Closed wsynuiag closed 6 days ago
Hi,
Similar to the BTI-DBF, we determine a model as backdoored according to whether BAN can correctly identify the target class.
For example, the prediction results of a WaNet model is:
Prediction distribution: [5000. 0. 0. 0. 0. 0. 0. 0. 0. 0.] Prediction targets to: 0
For a benign model: Prediction distribution: [631. 279. 542. 438. 691. 735. 494. 544. 459. 187.] Prediction targets to: 5
Thanks for your quick reply. From the example above, will the benign model be misclassified as a backdoor model?
It's not impossible. However, the prediction will be evenly (relatively) distributed in each class for benign models. For backdoored models, it is concentrated in the target class.

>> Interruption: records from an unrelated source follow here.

lemma digits_le_if_high_digits_eq:
  assumes "p > 1" "p * (c div p) < w" "w \<le> c"
  shows "digits_le p w c"
proof -
  have "c < p * (c div p) + p"
    using mult_div_mod_eq[of p c] mod_less_divisor[of p c] assms(1) by linarith
  then have "w div p = c div p"
    using assms(2,3) by (intro div_nat_eqI) auto
  moreover have "w mod p \<le> c mod p"
    using assms(3) calculation by (metis add_le_cancel_left div_mult_mod_eq)
  ultimately show ?thesis using digits_le_iff[of p w c] assms(1) by simp
qed

lemma digits_le_in_window:
  assumes "p > 1"
  shows "c < p ^ Suc j \<Longrightarrow> 0 < w \<Longrightarrow> w \<le> c \<Longrightarrow> \<exists>u. digits_le p u c \<and> w \<le> u \<and> u < w + p ^ j"
proof (induction j arbitrary: c w)
  case 0
  then have "digits_le p w c"
    using digits_le_if_high_digits_eq[OF assms] by simp
  then show ?case by auto
next
  case (Suc j)
  show ?case
  proof (cases "p * (c div p) < w")
    case True
    then have "digits_le p w c"
      using digits_le_if_high_digits_eq[OF assms] Suc.prems by simp
    then show ?thesis using assms by (intro exI[of _ w]) auto
  next
    case False
    \<comment> \<open>round \<open>w\<close> up to a multiple of \<open>p\<close> and recurse on the higher digits\<close>
    define w1 where "w1 = (w + p - 1) div p"
    have w1_bounds: "w \<le> p * w1" "p * w1 \<le> w + p - 1"
      using mult_div_mod_eq[of p "w + p - 1"] mod_less_divisor[of p "w + p - 1"] assms
      unfolding w1_def by linarith+
    have "c div p < p ^ Suc j"
      using Suc.prems(1) assms by (simp add: less_mult_imp_div_less mult.commute)
    moreover have "0 < w1" using w1_bounds(1) Suc.prems(2) by (cases w1) auto
    moreover have "w1 \<le> c div p"
    proof -
      have "p * w1 < p * Suc (c div p)" using w1_bounds(2) False assms by simp
      then show ?thesis by (simp only: mult_less_cancel1) simp
    qed
    ultimately obtain u1 where u1: "digits_le p u1 (c div p)" "w1 \<le> u1" "u1 < w1 + p ^ j"
      using Suc.IH by blast
    have "digits_le p (p * u1) c"
      using digits_le_iff[of p "p * u1" c] assms u1(1) by simp
    moreover have "w \<le> p * u1" using w1_bounds(1) u1(2) by (meson le_trans mult_le_mono2)
    moreover have "p * u1 < w + p ^ Suc j"
    proof -
      have "p * Suc u1 \<le> p * (w1 + p ^ j)" using u1(3) by (intro mult_le_mono2) simp
      then show ?thesis using w1_bounds(2) assms by (simp add: algebra_simps)
    qed
    ultimately show ?thesis by blast
  qed
qed

lemma digits_le_transfer_amount:
  assumes "p > 1" "0 < c" "c < p ^ Suc l" "v < th"
  shows "\<exists>u. 0 < u \<and> digits_le p u c \<and> v + u < th + p ^ l"
proof (cases "v + c < th")
  case False
  then have "0 < th - v" "th - v \<le> c" using assms(4) by auto
  then obtain u where "digits_le p u c" "th - v \<le> u" "u < th - v + p ^ l"
    using digits_le_in_window[OF assms(1,3)] by blast
  then show ?thesis using assms(4) by (intro exI[of _ u]) auto
qed (use assms in \<open>auto intro!: exI[of _ c]\<close>)

lemma digits_le_low_part:
  assumes "p > 1"
  shows "L < p ^ j \<Longrightarrow> digits_le p L (a * p ^ j + L)"
proof (induction j arbitrary: L)
  case 0
  then show ?case by simp
next
  case (Suc j)
  have split: "a * p ^ Suc j + L = L + (a * p ^ j) * p" by (simp add: algebra_simps)
  have "(a * p ^ Suc j + L) mod p = L mod p" "(a * p ^ Suc j + L) div p = a * p ^ j + L div p"
    unfolding split using assms by simp_all
  moreover have "digits_le p (L div p) (a * p ^ j + L div p)"
    using Suc assms by (simp add: div_less_iff_less_mult mult.commute)
  ultimately show ?case using digits_le_iff[of p L "a * p ^ Suc j + L"] assms by simp
qed

section \<open>Polynomial representation of functions on \<open>\<bbbF>\<^sub>q\<^sup>n\<close>\<close>

definition box :: "nat \<Rightarrow> 'b set \<Rightarrow> (nat \<Rightarrow> 'b::zero) set" where
  "box m A = {x. (\<forall>i<m. x i \<in> A) \<and> (\<forall>i\<ge>m. x i = 0)}"

lemma vecs_eq_box: "vecs m = box m UNIV"
  unfolding vecs_def box_def by auto

lemma exps_eq_box: "exps TYPE('a::{field,finite}) m = box m {..CARD('a) - 1}"
  unfolding exps_def box_def by auto

lemma bij_betw_box_PiE: "bij_betw (\<lambda>x. restrict x {..<m}) (box m A) (\<Pi>\<^sub>E i\<in>{..<m}. A)"
  by (rule bij_betw_byWitness[where f' = "\<lambda>g i. if i < m then g i else 0"])
    (auto simp: box_def fun_eq_iff PiE_def extensional_def)

lemma finite_box: "finite A \<Longrightarrow> finite (box m A)"
  using bij_betw_finite[OF bij_betw_box_PiE[of m A]] by (simp add: finite_PiE)

lemma sum_prod_box:
  fixes \<phi> :: "nat \<Rightarrow> 'b::zero \<Rightarrow> 'c::comm_semiring_1"
  assumes "finite A"
  shows "(\<Sum>x\<in>box m A. \<Prod>i<m. \<phi> i (x i)) = (\<Prod>i<m. \<Sum>t\<in>A. \<phi> i t)"
proof -
  have "(\<Sum>x\<in>box m A. \<Prod>i<m. \<phi> i (x i)) = (\<Sum>x\<in>box m A. \<Prod>i<m. \<phi> i (restrict x {..<m} i))"
    by simp
  also have "\<dots> = (\<Sum>g\<in>PiE {..<m} (\<lambda>_. A). \<Prod>i<m. \<phi> i (g i))"
    by (rule sum.reindex_bij_betw[OF bij_betw_box_PiE])
  also have "\<dots> = (\<Prod>i<m. \<Sum>t\<in>A. \<phi> i t)"
    using assms by (simp add: prod_sum_PiE)
  finally show ?thesis .
qed

lemma finite_vecs [simp]: "finite (vecs m :: (nat \<Rightarrow> 'a::{field,finite}) set)"
  unfolding vecs_eq_box by (simp add: finite_box)

lemma finite_exps [simp]: "finite (exps TYPE('a::{field,finite}) m)"
  unfolding exps_eq_box by (simp add: finite_box)

lemma sum_prod_vecs:
  "(\<Sum>x\<in>vecs m. \<Prod>i<m. \<phi> i (x i)) = (\<Prod>i<m. \<Sum>t\<in>UNIV. \<phi> i (t::'a::{field,finite}) :: 'c::comm_semiring_1)"
  unfolding vecs_eq_box by (simp add: sum_prod_box)

lemma sum_prod_exps:
  "(\<Sum>e\<in>exps TYPE('a::{field,finite}) m. \<Prod>i<m. \<phi> i (e i)) = (\<Prod>i<m. \<Sum>t\<le>CARD('a) - 1. \<phi> i t :: 'c::comm_semiring_1)"
  unfolding exps_eq_box by (simp add: sum_prod_box)

lemma vecs_eqI: "x \<in> vecs m \<Longrightarrow> y \<in> vecs m \<Longrightarrow> (\<forall>i<m. x i = y i) \<Longrightarrow> x = y"
  unfolding vecs_def by (auto simp: fun_eq_iff) (metis not_le)

lemma exps_eqI:
  "e \<in> exps TYPE('a::{field,finite}) m \<Longrightarrow> e' \<in> exps TYPE('a) m \<Longrightarrow> (\<forall>i<m. e i = e' i) \<Longrightarrow> e = e'"
  unfolding exps_def by (auto simp: fun_eq_iff) (metis not_le)

lemma prod_lessThan_if_const:
  "(\<Prod>i<(m::nat). if P i then a else (0::'c::comm_semiring_1)) = (if \<forall>i<m. P i then a ^ m else 0)"
  by (induction m) (auto simp: less_Suc_eq mult.commute)

text \<open>The coefficient of \<open>t\<^sup>c\<close> in a function \<open>g\<close> on \<open>\<bbbF>\<^sub>q\<close> is \<open>\<Sum>\<^sub>t g t * coeff_weight c t\<close>,
  because \<open>\<Sum>\<^sub>t t\<^sup>m\<close> is \<open>-1\<close> when \<open>m\<close> is a positive multiple of \<open>q - 1\<close> and \<open>0\<close> otherwise.\<close>
definition coeff_weight :: "nat \<Rightarrow> 'a::{field,finite} \<Rightarrow> 'a" where
  "coeff_weight c t = (if c = 0 then 1 - t ^ (CARD('a) - 1) else - (t ^ (CARD('a) - 1 - c)))"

Thank you. So I need to judge it manually, or is there any automatic way (e.g. threshold, metrics) to define a backdoor model?
We can easily have a script to check the detection results. In our case, we use the number of samples (>2500) predicted as the target class. But in fact, we also manually checked all detection results including other baselines.
I understand. Thanks for your time.
I understood the mechanism in ban_detection.py. However, from the results like acc, reg, how can I judge a model is backdoored or not? Specifically, what are the thresholds used in the paper under different model architectures and datasets?